# LED headlights



## ukrkoz (Dec 31, 2010)

HID lights maybe?


----------



## Marqed97 (Mar 19, 2011)

Audi has been playing with LED low beams for a few years now. Cadillac is getting into it as well. I built a pair of 'ditch lights' for my car, as I drive 100 miles round trip to work everyday, usually in the dark, on country highways. When there are no other cars, I use them to watch for deer (angled toward the ditches). I used the 3 watt maglite replacement LED upgrade kits from jcwhitney and built them into some old driving light pods I had lying around. A 3 watt maglite running at 6 volts (a 4 D-cell model) is pretty damn bright. It lights the ditches at 200' well enough for me to spot deer easily. But as far as I know nobody makes a reasonably priced headlight conversion with LEDs. The prices will come down more eventually though. If you want a schematic (dropping resistor if necessary, etc) let me know, and good luck!


----------



## Marqed97 (Mar 19, 2011)

Oooh, forgot, a pair of 3 watt LEDs will only use about 1/2 amp at 12 volts the way I have mine set up. If the cart runs a 12 volt system (I don't know much about golf carts, only automotive stuff) then it wouldn't affect your range enough to be noticeable.


----------



## PSDENGINEER (Apr 15, 2011)

If you search ebay.com for LED headlights, there are over 20,000 items. You can further subdivide it by putting ATV in your search, then you will get about 40 items. One that looks promising is called "YAMAHA BANSHEE BLASTER GRIZZLY HEADLIGHT LED ATV LIGHT" and you can also search for it by copying that name into the search block...


----------



## CoconutPete (Jan 22, 2010)

LED technology has come a long way but still has a little ways go to before you will see them used purely as headlights. They are bright, but don't provide light for long distances that well.

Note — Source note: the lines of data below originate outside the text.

(* Let $M$ be a finitely generated $\mathbb{Z}[\sigma]$-submodule of $\mathbb{Q}[\sigma]$, and let $\tilde M$ be the union of all $\mathbb{Z}[\sigma]$-submodules $N$ of $\mathbb{Q}[\sigma]$ with $M\subseteq N$ and $N/M$ finite. Then $\tilde M$ is generated by one element as a $\mathbb{Z}[\sigma]$-module.
   Context: $\mathbb{Q}[\sigma]$ is the polynomial ring over $\mathbb{Q}$ in an indeterminate $\sigma$, viewed as a module over $\mathbb{Z}[\sigma]$ by multiplication. *)

theory Defs
  imports "HOL-Computational_Algebra.Polynomial"
begin

text \<open>Q[sigma] is rat poly; Z[sigma] is the image of int poly in it.\<close>
definition intpolys :: "rat poly set" where
  "intpolys = range (map_poly rat_of_int)"

definition zsubmodule :: "rat poly set \<Rightarrow> bool" where
  "zsubmodule N \<longleftrightarrow> 0 \<in> N \<and> (\<forall>x\<in>N. \<forall>y\<in>N. x + y \<in> N)
      \<and> (\<forall>a\<in>intpolys. \<forall>x\<in>N. a * x \<in> N)"

definition zspan :: "rat poly set \<Rightarrow> rat poly set" where
  "zspan S = {x. \<exists>f. (\<forall>s\<in>S. f s \<in> intpolys) \<and> x = (\<Sum>s\<in>S. f s * s)}"

definition zfin_gen :: "rat poly set \<Rightarrow> bool" where
  "zfin_gen M \<longleftrightarrow> (\<exists>S. finite S \<and> M = zspan S)"

definition finite_quot :: "rat poly set \<Rightarrow> rat poly set \<Rightarrow> bool" where
  "finite_quot N M \<longleftrightarrow> finite ((\<lambda>x. (\<lambda>m. x + m) ` M) ` N)"

definition saturation :: "rat poly set \<Rightarrow> rat poly set" where
  "saturation M = \<Union>{N. zsubmodule N \<and> M \<subseteq> N \<and> finite_quot N M}"

end

theory Submission
  imports Defs "HOL-Computational_Algebra.Polynomial_Factorial" "HOL-Computational_Algebra.Field_as_Ring"
begin

(*
  Write M as the span of a finite set S and let G be a gcd of S in Q[sigma]. Rescaling G by a
  rational constant gives g with s = u_s g for all s in S, where the integer polynomials u_s
  have no common prime factor in their coefficients and generate an ideal of Z[sigma] that
  contains a positive integer n. Such an ideal has finite index in Z[sigma] (induction on n,
  since Z[sigma]/(f, p) is finite whenever f is nonzero mod p), and it lies in the conductor
  {y. y g : M}; hence Z[sigma] g / M is finite and Z[sigma] g is contained in the saturation.
  Conversely, for x in the saturation a pigeonhole argument in the finite quotient puts k x and
  (sigma^j - sigma^i) x into M, a subset of Z[sigma] g, for some k > 0 and i < j. The first gives
  x = y g with y rational, and since sigma^j - sigma^i is monic the second forces y to be integral.
*)

abbreviation rat_poly :: "int poly \<Rightarrow> rat poly" where
  "rat_poly \<equiv> map_poly rat_of_int"

lemma smult_sum_right: "smult c (\<Sum>s\<in>S. f s) = (\<Sum>s\<in>S. smult c (f s))"
  by (induction S rule: infinite_finite_induct) (simp_all add: smult_add_right)

lemma rat_poly_add: "rat_poly (p + q) = rat_poly p + rat_poly q"
  by (rule poly_eqI) (simp add: coeff_map_poly)

lemma rat_poly_diff: "rat_poly (p - q) = rat_poly p - rat_poly q"
  by (rule poly_eqI) (simp add: coeff_map_poly)

lemma rat_poly_mult: "rat_poly (p * q) = rat_poly p * rat_poly q"
  by (rule poly_eqI) (simp add: coeff_map_poly coeff_mult of_int_sum)

lemma rat_poly_smult: "rat_poly (smult c p) = smult (of_int c) (rat_poly p)"
  by (rule poly_eqI) (simp add: coeff_map_poly)

lemma rat_poly_const: "rat_poly [:c:] = [:of_int c:]"
  by (rule poly_eqI) (simp add: coeff_map_poly coeff_pCons split: nat.splits)

lemma rat_poly_sum: "rat_poly (\<Sum>s\<in>S. f s) = (\<Sum>s\<in>S. rat_poly (f s))"
  by (induction S rule: infinite_finite_induct) (simp_all add: rat_poly_add)

lemma rat_poly_inject: "rat_poly p = rat_poly q \<longleftrightarrow> p = q"
  by (auto simp: poly_eq_iff coeff_map_poly)

lemma degree_rat_poly [simp]: "degree (rat_poly p) = degree p"
  by (simp add: degree_map_poly)

lemma rat_poly_in_intpolys [simp]: "rat_poly p \<in> intpolys"
  by (simp add: intpolys_def)

lemma intpolysE:
  assumes "x \<in> intpolys"
  obtains p where "x = rat_poly p"
  using assms by (auto simp: intpolys_def)

lemma rat_poly_map_floor: "x \<in> intpolys \<Longrightarrow> rat_poly (map_poly floor x) = x"
  by (intro poly_eqI) (auto simp: coeff_map_poly elim!: intpolysE)

lemma intpolys_iff_coeff: "x \<in> intpolys \<longleftrightarrow> (\<forall>k. coeff x k \<in> \<int>)"
proof
  assume "\<forall>k. coeff x k \<in> \<int>"
  then have "x = rat_poly (map_poly floor x)"
    by (intro poly_eqI) (auto simp: coeff_map_poly elim!: Ints_cases)
  then show "x \<in> intpolys"
    by (metis rat_poly_in_intpolys)
qed (auto simp: coeff_map_poly elim!: intpolysE)

lemma intpolys_zero [simp]: "0 \<in> intpolys"
  by (metis map_poly_0 rat_poly_in_intpolys)

lemma intpolys_one [simp]: "1 \<in> intpolys"
  by (metis map_poly_1' of_int_1 rat_poly_in_intpolys)

lemma intpolys_add: "x \<in> intpolys \<Longrightarrow> y \<in> intpolys \<Longrightarrow> x + y \<in> intpolys"
  by (metis intpolysE rat_poly_add rat_poly_in_intpolys)

lemma intpolys_diff: "x \<in> intpolys \<Longrightarrow> y \<in> intpolys \<Longrightarrow> x - y \<in> intpolys"
  by (metis intpolysE rat_poly_diff rat_poly_in_intpolys)

lemma intpolys_mult: "x \<in> intpolys \<Longrightarrow> y \<in> intpolys \<Longrightarrow> x * y \<in> intpolys"
  by (metis intpolysE rat_poly_mult rat_poly_in_intpolys)

lemma intpolys_const [simp]: "[:of_int c:] \<in> intpolys"
  by (metis rat_poly_const rat_poly_in_intpolys)

lemma intpolys_monom [simp]: "monom (of_int c) n \<in> intpolys"
  by (metis map_poly_monom of_int_0 rat_poly_in_intpolys)

lemma zsubmodule_zero: "zsubmodule N \<Longrightarrow> 0 \<in> N"
  by (simp add: zsubmodule_def)

lemma zsubmodule_add: "zsubmodule N \<Longrightarrow> x \<in> N \<Longrightarrow> y \<in> N \<Longrightarrow> x + y \<in> N"
  by (simp add: zsubmodule_def)

lemma zsubmodule_mult: "zsubmodule N \<Longrightarrow> a \<in> intpolys \<Longrightarrow> x \<in> N \<Longrightarrow> a * x \<in> N"
  by (simp add: zsubmodule_def)

lemma zsubmodule_diff:
  assumes "zsubmodule N" "x \<in> N" "y \<in> N"
  shows "x - y \<in> N"
proof -
  have "[:-1:] * y \<in> N"
    using zsubmodule_mult[OF assms(1) intpolys_const[of "-1"] assms(3)] by simp
  then show ?thesis
    using zsubmodule_add[OF assms(1,2), of "- y"] by simp
qed

lemma zspan_single: "zspan {g} = {f * g | f. f \<in> intpolys}"
proof (intro set_eqI iffI)
  fix x assume "x \<in> zspan {g}"
  then show "x \<in> {f * g | f. f \<in> intpolys}"
    unfolding zspan_def by auto
next
  fix x assume "x \<in> {f * g | f. f \<in> intpolys}"
  then obtain f where "f \<in> intpolys" "x = f * g"
    by blast
  then show "x \<in> zspan {g}"
    unfolding zspan_def by (intro CollectI exI[of _ "\<lambda>_. f"]) simp
qed

lemma zsubmodule_zspan_single: "zsubmodule (zspan {g})"
  unfolding zsubmodule_def zspan_single
proof (intro conjI ballI)
  show "0 \<in> {f * g | f. f \<in> intpolys}"
    by (auto intro: exI[of _ 0])
next
  fix x y assume "x \<in> {f * g | f. f \<in> intpolys}" "y \<in> {f * g | f. f \<in> intpolys}"
  then obtain f1 f2 where "f1 \<in> intpolys" "f2 \<in> intpolys" "x = f1 * g" "y = f2 * g"
    by blast
  then show "x + y \<in> {f * g | f. f \<in> intpolys}"
    by (auto intro!: exI[of _ "f1 + f2"] intpolys_add simp: distrib_right)
next
  fix a x assume "a \<in> intpolys" "x \<in> {f * g | f. f \<in> intpolys}"
  then obtain f where "f \<in> intpolys" "x = f * g"
    by blast
  with \<open>a \<in> intpolys\<close> show "a * x \<in> {f * g | f. f \<in> intpolys}"
    by (auto intro!: exI[of _ "a * f"] intpolys_mult simp: mult.assoc)
qed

Many cars use them as daytime running lights now (MB, BMW, Audi, Porsche, etc)

Since you are only talking about a golf cart there may be options for you though - I would still go w/ a good "old fashioned" halogen one though since it'll shoot light out further.

You could go w/ a cheap HID kit but it seems overkill on a golf cart.


----------



## Mr Chips (Mar 23, 2008)

Since it's a golf cart, DOT regs clearly don't apply so you really have a lot of options. there are some 12v LED spots and floods that really put out a lot of light. Check out a company called DDM Tuning that sells low cost LED spots and floods that get really high user reviews on one of the snow plow forums that I look at from time to time
http://www.plowsite.com/showthread.php?t=115215


----------